* _EXERCISE BRIEF_:
Copy, exactly and without additions, every line in the records below from the one holding "by (intro lin_indep_overD[OF" through the one holding "unfolding D_def by", both ends included.

(Stored entries)
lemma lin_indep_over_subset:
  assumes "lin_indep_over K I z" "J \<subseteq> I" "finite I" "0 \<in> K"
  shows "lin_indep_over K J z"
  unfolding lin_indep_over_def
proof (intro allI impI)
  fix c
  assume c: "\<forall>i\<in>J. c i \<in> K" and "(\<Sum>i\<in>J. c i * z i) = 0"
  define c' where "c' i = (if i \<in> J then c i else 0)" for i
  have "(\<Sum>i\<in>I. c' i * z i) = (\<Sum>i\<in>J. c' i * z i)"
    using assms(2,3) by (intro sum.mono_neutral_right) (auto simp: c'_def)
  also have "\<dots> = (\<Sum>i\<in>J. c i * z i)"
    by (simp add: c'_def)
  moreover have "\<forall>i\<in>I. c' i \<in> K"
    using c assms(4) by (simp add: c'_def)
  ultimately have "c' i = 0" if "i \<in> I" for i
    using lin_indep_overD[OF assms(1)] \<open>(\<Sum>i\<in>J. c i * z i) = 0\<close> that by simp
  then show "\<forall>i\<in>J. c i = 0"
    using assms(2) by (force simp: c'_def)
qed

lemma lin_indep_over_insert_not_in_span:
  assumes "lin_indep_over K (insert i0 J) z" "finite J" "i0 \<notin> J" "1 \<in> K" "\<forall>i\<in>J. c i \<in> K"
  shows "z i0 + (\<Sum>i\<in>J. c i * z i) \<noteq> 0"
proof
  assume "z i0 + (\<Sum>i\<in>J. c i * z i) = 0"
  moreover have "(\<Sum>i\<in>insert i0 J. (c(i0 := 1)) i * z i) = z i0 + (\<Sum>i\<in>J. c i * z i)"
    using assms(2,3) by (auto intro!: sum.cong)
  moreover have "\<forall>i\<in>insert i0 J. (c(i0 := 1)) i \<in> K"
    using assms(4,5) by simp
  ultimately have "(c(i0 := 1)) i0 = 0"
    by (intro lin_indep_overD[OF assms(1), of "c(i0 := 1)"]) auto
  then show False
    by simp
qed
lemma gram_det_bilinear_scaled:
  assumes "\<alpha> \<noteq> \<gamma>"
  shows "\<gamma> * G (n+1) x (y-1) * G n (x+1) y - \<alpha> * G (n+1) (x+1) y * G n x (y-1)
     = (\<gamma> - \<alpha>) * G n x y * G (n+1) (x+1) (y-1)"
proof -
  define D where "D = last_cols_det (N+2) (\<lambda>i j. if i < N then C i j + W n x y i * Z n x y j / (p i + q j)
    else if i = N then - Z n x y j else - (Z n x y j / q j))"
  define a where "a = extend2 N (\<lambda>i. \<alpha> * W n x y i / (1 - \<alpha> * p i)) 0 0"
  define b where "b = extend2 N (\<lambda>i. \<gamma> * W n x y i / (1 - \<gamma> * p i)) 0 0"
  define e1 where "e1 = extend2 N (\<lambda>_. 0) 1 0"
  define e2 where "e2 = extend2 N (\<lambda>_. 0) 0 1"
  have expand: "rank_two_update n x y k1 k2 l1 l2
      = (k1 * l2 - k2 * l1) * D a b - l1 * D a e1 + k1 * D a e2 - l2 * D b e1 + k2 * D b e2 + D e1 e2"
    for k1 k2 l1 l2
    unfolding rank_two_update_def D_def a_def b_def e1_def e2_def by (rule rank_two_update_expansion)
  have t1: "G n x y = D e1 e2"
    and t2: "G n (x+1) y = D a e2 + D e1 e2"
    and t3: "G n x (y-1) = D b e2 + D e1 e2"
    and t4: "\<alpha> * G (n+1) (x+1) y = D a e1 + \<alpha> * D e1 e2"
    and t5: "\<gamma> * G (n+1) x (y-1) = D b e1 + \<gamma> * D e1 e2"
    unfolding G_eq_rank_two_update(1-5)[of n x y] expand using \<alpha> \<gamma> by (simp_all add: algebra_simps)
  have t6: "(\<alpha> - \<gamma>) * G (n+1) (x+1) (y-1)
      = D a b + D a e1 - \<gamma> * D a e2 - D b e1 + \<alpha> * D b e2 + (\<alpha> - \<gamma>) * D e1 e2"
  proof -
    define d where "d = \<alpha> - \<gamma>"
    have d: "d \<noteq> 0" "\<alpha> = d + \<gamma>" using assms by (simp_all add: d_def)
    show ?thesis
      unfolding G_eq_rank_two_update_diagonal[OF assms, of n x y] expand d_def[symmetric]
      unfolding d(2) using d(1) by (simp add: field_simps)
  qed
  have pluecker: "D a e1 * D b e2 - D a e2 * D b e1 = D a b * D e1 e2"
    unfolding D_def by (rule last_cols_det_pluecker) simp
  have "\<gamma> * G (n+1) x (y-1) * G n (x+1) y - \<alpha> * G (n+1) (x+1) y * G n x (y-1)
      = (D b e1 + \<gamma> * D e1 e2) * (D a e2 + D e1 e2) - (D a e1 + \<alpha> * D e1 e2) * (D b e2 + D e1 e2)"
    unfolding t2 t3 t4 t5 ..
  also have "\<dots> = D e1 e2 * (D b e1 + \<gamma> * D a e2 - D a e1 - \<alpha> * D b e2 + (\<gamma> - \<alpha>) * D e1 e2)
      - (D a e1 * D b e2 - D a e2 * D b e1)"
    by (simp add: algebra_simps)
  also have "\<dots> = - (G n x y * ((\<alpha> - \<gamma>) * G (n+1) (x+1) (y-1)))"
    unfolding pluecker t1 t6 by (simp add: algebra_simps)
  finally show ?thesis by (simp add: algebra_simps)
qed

==

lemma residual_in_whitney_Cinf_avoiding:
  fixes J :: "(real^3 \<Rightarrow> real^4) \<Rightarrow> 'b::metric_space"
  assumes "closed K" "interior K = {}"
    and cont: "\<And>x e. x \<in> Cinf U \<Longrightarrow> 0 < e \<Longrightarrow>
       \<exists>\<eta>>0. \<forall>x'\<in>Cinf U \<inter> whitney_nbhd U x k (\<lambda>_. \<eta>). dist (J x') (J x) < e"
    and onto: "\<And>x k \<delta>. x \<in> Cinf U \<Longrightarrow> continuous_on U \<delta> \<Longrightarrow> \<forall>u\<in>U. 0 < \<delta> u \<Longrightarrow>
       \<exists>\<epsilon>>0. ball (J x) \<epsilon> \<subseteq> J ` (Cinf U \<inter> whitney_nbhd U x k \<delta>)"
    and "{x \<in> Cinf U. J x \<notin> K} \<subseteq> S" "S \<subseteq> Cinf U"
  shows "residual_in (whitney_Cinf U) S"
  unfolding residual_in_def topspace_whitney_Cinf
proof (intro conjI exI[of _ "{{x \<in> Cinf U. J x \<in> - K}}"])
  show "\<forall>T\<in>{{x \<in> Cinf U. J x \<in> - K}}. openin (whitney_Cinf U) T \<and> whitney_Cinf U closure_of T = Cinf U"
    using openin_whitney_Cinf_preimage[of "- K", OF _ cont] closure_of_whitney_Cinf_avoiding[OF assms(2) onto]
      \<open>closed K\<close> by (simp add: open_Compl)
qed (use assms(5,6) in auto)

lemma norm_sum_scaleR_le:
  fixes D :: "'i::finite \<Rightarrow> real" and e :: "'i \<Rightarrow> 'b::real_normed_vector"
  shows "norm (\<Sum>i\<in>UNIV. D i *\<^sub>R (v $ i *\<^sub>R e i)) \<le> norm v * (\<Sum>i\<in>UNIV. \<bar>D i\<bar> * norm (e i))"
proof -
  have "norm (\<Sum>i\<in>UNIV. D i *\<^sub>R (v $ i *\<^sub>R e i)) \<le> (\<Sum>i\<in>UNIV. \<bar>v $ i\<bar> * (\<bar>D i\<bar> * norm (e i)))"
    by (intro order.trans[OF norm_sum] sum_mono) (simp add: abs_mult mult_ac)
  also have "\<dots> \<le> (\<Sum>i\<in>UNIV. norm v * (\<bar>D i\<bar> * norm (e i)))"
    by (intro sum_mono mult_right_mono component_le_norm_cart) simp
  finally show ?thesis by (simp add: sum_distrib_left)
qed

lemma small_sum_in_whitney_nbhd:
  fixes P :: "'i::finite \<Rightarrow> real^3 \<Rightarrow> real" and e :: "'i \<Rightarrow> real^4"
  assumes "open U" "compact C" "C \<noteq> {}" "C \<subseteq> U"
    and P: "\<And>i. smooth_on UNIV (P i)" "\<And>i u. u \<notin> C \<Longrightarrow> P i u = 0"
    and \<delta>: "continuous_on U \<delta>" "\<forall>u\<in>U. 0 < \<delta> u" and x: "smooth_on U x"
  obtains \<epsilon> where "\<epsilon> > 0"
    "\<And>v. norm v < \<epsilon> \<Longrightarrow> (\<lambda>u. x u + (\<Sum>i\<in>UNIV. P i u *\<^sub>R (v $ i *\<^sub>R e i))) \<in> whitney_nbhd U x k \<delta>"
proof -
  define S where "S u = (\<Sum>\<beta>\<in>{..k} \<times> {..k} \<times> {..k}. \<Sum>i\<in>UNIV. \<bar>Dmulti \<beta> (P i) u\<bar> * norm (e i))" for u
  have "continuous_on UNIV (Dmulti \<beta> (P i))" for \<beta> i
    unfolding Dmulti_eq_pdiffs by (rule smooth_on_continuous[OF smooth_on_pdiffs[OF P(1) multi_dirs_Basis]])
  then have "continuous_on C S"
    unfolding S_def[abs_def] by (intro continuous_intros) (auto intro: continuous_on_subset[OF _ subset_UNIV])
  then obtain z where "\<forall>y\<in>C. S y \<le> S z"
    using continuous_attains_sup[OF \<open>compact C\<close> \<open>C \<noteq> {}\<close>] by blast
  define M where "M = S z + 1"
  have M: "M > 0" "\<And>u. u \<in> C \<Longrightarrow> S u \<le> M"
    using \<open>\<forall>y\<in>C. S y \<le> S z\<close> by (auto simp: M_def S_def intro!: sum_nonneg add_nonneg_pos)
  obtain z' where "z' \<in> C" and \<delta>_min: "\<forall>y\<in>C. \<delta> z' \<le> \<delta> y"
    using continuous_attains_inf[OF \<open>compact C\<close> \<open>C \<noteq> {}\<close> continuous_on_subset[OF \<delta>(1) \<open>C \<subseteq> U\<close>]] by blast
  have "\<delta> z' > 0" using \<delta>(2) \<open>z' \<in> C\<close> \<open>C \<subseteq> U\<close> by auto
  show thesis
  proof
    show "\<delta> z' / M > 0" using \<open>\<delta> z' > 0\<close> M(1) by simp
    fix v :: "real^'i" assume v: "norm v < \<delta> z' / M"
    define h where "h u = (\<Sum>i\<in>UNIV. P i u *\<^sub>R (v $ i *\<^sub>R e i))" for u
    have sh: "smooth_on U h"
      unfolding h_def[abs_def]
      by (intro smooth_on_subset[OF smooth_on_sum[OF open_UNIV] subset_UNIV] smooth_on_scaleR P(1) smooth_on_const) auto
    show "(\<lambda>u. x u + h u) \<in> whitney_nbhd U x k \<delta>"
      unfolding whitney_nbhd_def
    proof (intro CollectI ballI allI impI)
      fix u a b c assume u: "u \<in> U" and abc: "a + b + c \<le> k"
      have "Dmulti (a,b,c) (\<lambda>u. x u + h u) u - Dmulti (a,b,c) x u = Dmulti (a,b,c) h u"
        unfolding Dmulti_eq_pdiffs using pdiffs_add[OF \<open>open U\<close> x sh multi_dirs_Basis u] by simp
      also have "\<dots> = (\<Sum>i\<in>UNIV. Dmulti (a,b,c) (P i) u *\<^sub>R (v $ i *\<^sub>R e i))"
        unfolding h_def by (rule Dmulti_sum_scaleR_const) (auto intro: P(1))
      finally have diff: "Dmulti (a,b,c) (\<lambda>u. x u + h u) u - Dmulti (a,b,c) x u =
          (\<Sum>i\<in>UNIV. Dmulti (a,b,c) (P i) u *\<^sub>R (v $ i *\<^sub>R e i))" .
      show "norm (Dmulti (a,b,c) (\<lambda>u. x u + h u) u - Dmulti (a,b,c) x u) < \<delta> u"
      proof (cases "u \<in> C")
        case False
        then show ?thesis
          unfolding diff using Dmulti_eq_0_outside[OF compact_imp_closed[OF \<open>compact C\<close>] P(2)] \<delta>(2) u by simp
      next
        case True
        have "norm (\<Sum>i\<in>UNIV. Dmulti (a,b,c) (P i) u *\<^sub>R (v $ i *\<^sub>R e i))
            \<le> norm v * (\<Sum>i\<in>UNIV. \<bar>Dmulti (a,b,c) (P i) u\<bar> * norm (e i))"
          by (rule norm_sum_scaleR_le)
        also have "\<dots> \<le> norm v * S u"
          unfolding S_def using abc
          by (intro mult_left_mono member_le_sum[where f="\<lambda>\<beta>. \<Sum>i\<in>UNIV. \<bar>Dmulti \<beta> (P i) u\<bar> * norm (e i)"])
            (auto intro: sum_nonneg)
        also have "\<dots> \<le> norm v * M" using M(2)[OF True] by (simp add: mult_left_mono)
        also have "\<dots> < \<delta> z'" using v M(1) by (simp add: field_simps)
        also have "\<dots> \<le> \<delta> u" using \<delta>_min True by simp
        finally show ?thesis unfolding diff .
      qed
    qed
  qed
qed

* _FINISHED TASK_:
    by (intro lin_indep_overD[OF assms(1), of "c(i0 := 1)"]) auto
  then show False
    by simp
qed
lemma gram_det_bilinear_scaled:
  assumes "\<alpha> \<noteq> \<gamma>"
  shows "\<gamma> * G (n+1) x (y-1) * G n (x+1) y - \<alpha> * G (n+1) (x+1) y * G n x (y-1)
     = (\<gamma> - \<alpha>) * G n x y * G (n+1) (x+1) (y-1)"
proof -
  define D where "D = last_cols_det (N+2) (\<lambda>i j. if i < N then C i j + W n x y i * Z n x y j / (p i + q j)
    else if i = N then - Z n x y j else - (Z n x y j / q j))"
  define a where "a = extend2 N (\<lambda>i. \<alpha> * W n x y i / (1 - \<alpha> * p i)) 0 0"
  define b where "b = extend2 N (\<lambda>i. \<gamma> * W n x y i / (1 - \<gamma> * p i)) 0 0"
  define e1 where "e1 = extend2 N (\<lambda>_. 0) 1 0"
  define e2 where "e2 = extend2 N (\<lambda>_. 0) 0 1"
  have expand: "rank_two_update n x y k1 k2 l1 l2
      = (k1 * l2 - k2 * l1) * D a b - l1 * D a e1 + k1 * D a e2 - l2 * D b e1 + k2 * D b e2 + D e1 e2"
    for k1 k2 l1 l2
    unfolding rank_two_update_def D_def a_def b_def e1_def e2_def by (rule rank_two_update_expansion)
  have t1: "G n x y = D e1 e2"
    and t2: "G n (x+1) y = D a e2 + D e1 e2"
    and t3: "G n x (y-1) = D b e2 + D e1 e2"
    and t4: "\<alpha> * G (n+1) (x+1) y = D a e1 + \<alpha> * D e1 e2"
    and t5: "\<gamma> * G (n+1) x (y-1) = D b e1 + \<gamma> * D e1 e2"
    unfolding G_eq_rank_two_update(1-5)[of n x y] expand using \<alpha> \<gamma> by (simp_all add: algebra_simps)
  have t6: "(\<alpha> - \<gamma>) * G (n+1) (x+1) (y-1)
      = D a b + D a e1 - \<gamma> * D a e2 - D b e1 + \<alpha> * D b e2 + (\<alpha> - \<gamma>) * D e1 e2"
  proof -
    define d where "d = \<alpha> - \<gamma>"
    have d: "d \<noteq> 0" "\<alpha> = d + \<gamma>" using assms by (simp_all add: d_def)
    show ?thesis
      unfolding G_eq_rank_two_update_diagonal[OF assms, of n x y] expand d_def[symmetric]
      unfolding d(2) using d(1) by (simp add: field_simps)
  qed
  have pluecker: "D a e1 * D b e2 - D a e2 * D b e1 = D a b * D e1 e2"
    unfolding D_def by (rule last_cols_det_pluecker) simp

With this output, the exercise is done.